Exercise goal>
Scan the records below for the string "insert" and return every line where it appears.

Stored data entries:
..............................

(* Let $J$ be a countable set and $\mathcal{A}$ the (non-unital) algebra of functions $f:J\to\mathbb{R}$ with $f(i)=0$ for all but finitely many $i\in J$, with pointwise operations; for $i\in J$ let $e_i$ be the characteristic function of $\{i\}$. Let $\sigma:J\to J$ be a bijection and $\tilde{\sigma}:\mathcal{A}\to\mathcal{A}$, $\tilde{\sigma}(f)=f\circ\sigma^{-1}$. An $\mathbb{R}$-linear map $\Delta:\mathcal{A}\to\mathcal{A}$ is a $\tilde{\sigma}$-derivation if and only if for every $i\in J$: (1) $\Delta(e_i)(\sigma(i))=-\Delta(e_{\sigma(i)})(\sigma(i))$, and (2) $\Delta(e_i)(k)=0$ for all $k\notin\{i,\sigma(i)\}$.
   Context: A $\tilde{\sigma}$-derivation is an $\mathbb{R}$-linear map $\Delta:\mathcal{A}\to\mathcal{A}$ with $\Delta(fg)=\tilde{\sigma}(f)\Delta(g)+\Delta(f)g$ for all $f,g\in\mathcal{A}$. *)

theory Defs
  imports Complex_Main "HOL-Library.Countable"
begin

definition fin_supp :: "('j \<Rightarrow> real) set" where
  "fin_supp = {f. finite {i. f i \<noteq> 0}}"

definition char_fun :: "'j \<Rightarrow> 'j \<Rightarrow> real" where
  "char_fun i = (\<lambda>k. if k = i then 1 else 0)"

definition sigma_tilde :: "('j \<Rightarrow> 'j) \<Rightarrow> ('j \<Rightarrow> real) \<Rightarrow> ('j \<Rightarrow> real)" where
  "sigma_tilde \<sigma> f = f \<circ> inv \<sigma>"

definition linear_on_A :: "(('j \<Rightarrow> real) \<Rightarrow> ('j \<Rightarrow> real)) \<Rightarrow> bool" where
  "linear_on_A D \<longleftrightarrow> (\<forall>f\<in>fin_supp. D f \<in> fin_supp)
     \<and> (\<forall>f\<in>fin_supp. \<forall>g\<in>fin_supp. D (\<lambda>k. f k + g k) = (\<lambda>k. D f k + D g k))
     \<and> (\<forall>c::real. \<forall>f\<in>fin_supp. D (\<lambda>k. c * f k) = (\<lambda>k. c * D f k))"

definition sigma_derivation :: "('j \<Rightarrow> 'j) \<Rightarrow> (('j \<Rightarrow> real) \<Rightarrow> ('j \<Rightarrow> real)) \<Rightarrow> bool" where
  "sigma_derivation \<sigma> D \<longleftrightarrow> linear_on_A D \<and>
     (\<forall>f\<in>fin_supp. \<forall>g\<in>fin_supp. D (\<lambda>k. f k * g k) = (\<lambda>k. sigma_tilde \<sigma> f k * D g k + D f k * g k))"

end

theory Submission
  imports Defs
begin

text \<open>By linearity, \<open>\<Delta>\<close> is determined by its values \<open>\<Delta>(e\<^sub>i)(k)\<close>. Multiplying
  \<open>e\<^sub>i e\<^sub>k = 0\<close> for \<open>i \<noteq> k\<close> and \<open>e\<^sub>i\<^sup>2 = e\<^sub>i\<close> through the twisted Leibniz rule
  forces conditions (1) and (2). Conversely, under (1) and (2) every \<open>\<Delta>(f)(m)\<close>
  collapses to \<open>(f(m) - f(p)) \<Delta>(e\<^sub>m)(m)\<close> with \<open>p = \<sigma>\<^sup>-\<^sup>1 m\<close>, a twisted difference
  operator, and the Leibniz rule for such operators is the identity
  \<open>f(m)g(m) - f(p)g(p) = f(p)(g(m) - g(p)) + (f(m) - f(p))g(m)\<close>.\<close>

definition sigma_basis_conditions ::
  "('j \<Rightarrow> 'j) \<Rightarrow> (('j \<Rightarrow> real) \<Rightarrow> ('j \<Rightarrow> real)) \<Rightarrow> bool" where
  "sigma_basis_conditions \<sigma> D \<longleftrightarrow>
    (\<forall>i. D (char_fun i) (\<sigma> i) = - D (char_fun (\<sigma> i)) (\<sigma> i)
       \<and> (\<forall>k. k \<notin> {i, \<sigma> i} \<longrightarrow> D (char_fun i) k = 0))"

lemma char_fun_in_fin_supp [simp]: "char_fun i \<in> fin_supp"
  by (simp add: fin_supp_def char_fun_def)

lemma fin_supp_mult: "f \<in> fin_supp \<Longrightarrow> (\<lambda>k. f k * g k) \<in> fin_supp"
  unfolding fin_supp_def by (auto elim: finite_subset[rotated])

lemma fin_supp_scale: "f \<in> fin_supp \<Longrightarrow> (\<lambda>k. c * f k) \<in> fin_supp"
  unfolding fin_supp_def by (auto elim: finite_subset[rotated])

lemma char_fun_mult_char_fun:
  "(\<lambda>m. char_fun i m * char_fun k m) = (if i = k then char_fun i else (\<lambda>m. 0))"
  by (auto simp: char_fun_def fun_eq_iff)

lemma sigma_tilde_char_fun:
  assumes "bij \<sigma>"
  shows "sigma_tilde \<sigma> (char_fun i) = char_fun (\<sigma> i)"
  using assms by (auto simp: sigma_tilde_def char_fun_def fun_eq_iff
      bij_is_surj surj_f_inv_f bij_is_inj inv_f_f)

lemma linear_on_A_add:
  "linear_on_A D \<Longrightarrow> f \<in> fin_supp \<Longrightarrow> g \<in> fin_supp \<Longrightarrow>
    D (\<lambda>k. f k + g k) = (\<lambda>k. D f k + D g k)"
  unfolding linear_on_A_def by blast

lemma linear_on_A_scale:
  "linear_on_A D \<Longrightarrow> f \<in> fin_supp \<Longrightarrow> D (\<lambda>k. c * f k) = (\<lambda>k. c * D f k)"
  unfolding linear_on_A_def by blast

lemma linear_on_A_zero:
  assumes "linear_on_A D"
  shows "D (\<lambda>k. 0) = (\<lambda>k. 0)"
  using linear_on_A_scale[OF assms, of "\<lambda>k. 0" 0] by (simp add: fin_supp_def)

lemma linear_on_A_expansion:
  assumes "linear_on_A D" and "finite S" and "{i. f i \<noteq> 0} \<subseteq> S"
  shows "D f m = (\<Sum>i\<in>S. f i * D (char_fun i) m)"
  using assms(2,3)
proof (induction S arbitrary: f rule: finite_induct)
  case empty
  then have "f = (\<lambda>k. 0)" by auto
  then show ?case using linear_on_A_zero[OF assms(1)] by simp
next
  case (insert x S)
  define f' where "f' = f(x := 0)"
  have supp_f': "{i. f' i \<noteq> 0} \<subseteq> S"
    using insert.prems by (auto simp: f'_def)
  then have "f' \<in> fin_supp"
    unfolding fin_supp_def using insert.hyps(1) finite_subset by blast
  then have "D (\<lambda>k. f x * char_fun x k + f' k) m = f x * D (char_fun x) m + D f' m"
    using linear_on_A_add[OF assms(1) fin_supp_scale[OF char_fun_in_fin_supp]]
      linear_on_A_scale[OF assms(1) char_fun_in_fin_supp]
    by simp
  moreover have "(\<lambda>k. f x * char_fun x k + f' k) = f"
    by (auto simp: fun_eq_iff f'_def char_fun_def)
  ultimately have "D f m = f x * D (char_fun x) m + D f' m"
    by simp
  moreover have "D f' m = (\<Sum>i\<in>S. f i * D (char_fun i) m)"
    unfolding insert.IH[OF supp_f'] using insert.hyps(2)
    by (intro sum.cong) (auto simp: f'_def)
  ultimately show ?case
    using insert.hyps by simp
qed

lemma sigma_derivation_char_fun_off_diag:
  assumes "bij \<sigma>" and "sigma_derivation \<sigma> D" and "k \<noteq> i"
  shows "D (char_fun i) k = - char_fun (\<sigma> i) k * D (char_fun k) k"
proof -
  have "D (\<lambda>m. char_fun i m * char_fun k m)
      = (\<lambda>m. char_fun (\<sigma> i) m * D (char_fun k) m + D (char_fun i) m * char_fun k m)"
    using assms(2) by (simp add: sigma_derivation_def sigma_tilde_char_fun[OF assms(1)])
  then have "(\<lambda>m. 0) = (\<lambda>m. char_fun (\<sigma> i) m * D (char_fun k) m + D (char_fun i) m * char_fun k m)"
    using assms(2,3) linear_on_A_zero[of D]
    by (simp add: sigma_derivation_def char_fun_mult_char_fun)
  then have "0 = char_fun (\<sigma> i) k * D (char_fun k) k + D (char_fun i) k * char_fun k k"
    by metis
  then show ?thesis by (simp add: char_fun_def)
qed

lemma sigma_derivation_char_fun_fixed_point:
  assumes "bij \<sigma>" and "sigma_derivation \<sigma> D" and "\<sigma> i = i"
  shows "D (char_fun i) i = 0"
proof -
  have "D (\<lambda>m. char_fun i m * char_fun i m)
      = (\<lambda>m. char_fun i m * D (char_fun i) m + D (char_fun i) m * char_fun i m)"
    using assms(2) by (simp add: sigma_derivation_def sigma_tilde_char_fun[OF assms(1)] assms(3))
  then have "D (char_fun i) = (\<lambda>m. char_fun i m * D (char_fun i) m + D (char_fun i) m * char_fun i m)"
    by (simp add: char_fun_mult_char_fun)
  then have "D (char_fun i) i = char_fun i i * D (char_fun i) i + D (char_fun i) i * char_fun i i"
    by metis
  then show ?thesis by (simp add: char_fun_def)
qed

lemma sigma_derivation_imp_basis_conditions:
  assumes "bij \<sigma>" and "sigma_derivation \<sigma> D"
  shows "sigma_basis_conditions \<sigma> D"
  unfolding sigma_basis_conditions_def
proof (intro allI conjI impI)
  fix i
  show "D (char_fun i) (\<sigma> i) = - D (char_fun (\<sigma> i)) (\<sigma> i)"
  proof (cases "\<sigma> i = i")
    case True
    then show ?thesis using sigma_derivation_char_fun_fixed_point[OF assms] by simp
  next
    case False
    then show ?thesis
      using sigma_derivation_char_fun_off_diag[OF assms False] by (simp add: char_fun_def)
  qed
next
  fix i k
  assume "k \<notin> {i, \<sigma> i}"
  then show "D (char_fun i) k = 0"
    using sigma_derivation_char_fun_off_diag[OF assms, of k i] by (simp add: char_fun_def)
qed

lemma basis_conditions_difference_form:
  assumes "bij \<sigma>" and "linear_on_A D" and "sigma_basis_conditions \<sigma> D"
    and "f \<in> fin_supp"
  shows "D f m = (f m - f (inv \<sigma> m)) * D (char_fun m) m"
proof -
  define p where "p = inv \<sigma> m"
  have "\<sigma> p = m"
    using assms(1) by (simp add: p_def bij_is_surj surj_f_inv_f)
  then have vanish: "D (char_fun i) m = 0" if "i \<notin> {m, p}" for i
    using assms(1,3) that by (auto simp: sigma_basis_conditions_def bij_def inj_eq)
  have pair: "D (char_fun p) m = - D (char_fun m) m"
    using assms(3) \<open>\<sigma> p = m\<close> by (auto simp: sigma_basis_conditions_def)
  define S where "S = {i. f i \<noteq> 0} \<union> {m, p}"
  have "finite S"
    using assms(4) by (simp add: S_def fin_supp_def)
  then have "D f m = (\<Sum>i\<in>S. f i * D (char_fun i) m)"
    by (rule linear_on_A_expansion[OF assms(2)]) (auto simp: S_def)
  also have "\<dots> = (\<Sum>i\<in>{m, p}. f i * D (char_fun i) m)"
    using \<open>finite S\<close> vanish by (intro sum.mono_neutral_right) (auto simp: S_def)
  also have "\<dots> = (f m - f p) * D (char_fun m) m"
    using pair by (cases "p = m") (auto simp: algebra_simps)
  finally show ?thesis by (simp add: p_def)
qed

lemma basis_conditions_imp_sigma_derivation:
  fixes \<sigma> :: "'j \<Rightarrow> 'j"
  assumes "bij \<sigma>" and "linear_on_A D" and "sigma_basis_conditions \<sigma> D"
  shows "sigma_derivation \<sigma> D"
  unfolding sigma_derivation_def
proof (intro conjI ballI assms(2) ext)
  fix f g :: "'j \<Rightarrow> real" and m :: 'j
  assume "f \<in> fin_supp" and "g \<in> fin_supp"
  note difference_form = basis_conditions_difference_form[OF assms, where m = m]
  have "D (\<lambda>k. f k * g k) m
      = f (inv \<sigma> m) * ((g m - g (inv \<sigma> m)) * D (char_fun m) m)
        + (f m - f (inv \<sigma> m)) * D (char_fun m) m * g m"
    unfolding difference_form[OF fin_supp_mult[OF \<open>f \<in> fin_supp\<close>]]
    by (simp add: algebra_simps)
  then show "D (\<lambda>k. f k * g k) m = sigma_tilde \<sigma> f m * D g m + D f m * g m"
    unfolding sigma_tilde_def difference_form[OF \<open>f \<in> fin_supp\<close>]
      difference_form[OF \<open>g \<in> fin_supp\<close>]
    by simp
qed

theorem theorem6:
  fixes \<sigma> :: "'j::countable \<Rightarrow> 'j"
    and D :: "('j \<Rightarrow> real) \<Rightarrow> ('j \<Rightarrow> real)"
  assumes "bij \<sigma>"
    and "linear_on_A D"
  shows "sigma_derivation \<sigma> D \<longleftrightarrow>
    (\<forall>i. D (char_fun i) (\<sigma> i) = - D (char_fun (\<sigma> i)) (\<sigma> i)
       \<and> (\<forall>k. k \<notin> {i, \<sigma> i} \<longrightarrow> D (char_fun i) k = 0))"
  using sigma_derivation_imp_basis_conditions[OF assms(1)]
    basis_conditions_imp_sigma_derivation[OF assms]
  unfolding sigma_basis_conditions_def by blast

end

..............................

Answer to this problem>
  case (insert x S)
    using insert.prems by (auto simp: f'_def)
    unfolding fin_supp_def using insert.hyps(1) finite_subset by blast
    unfolding insert.IH[OF supp_f'] using insert.hyps(2)
    using insert.hyps by simp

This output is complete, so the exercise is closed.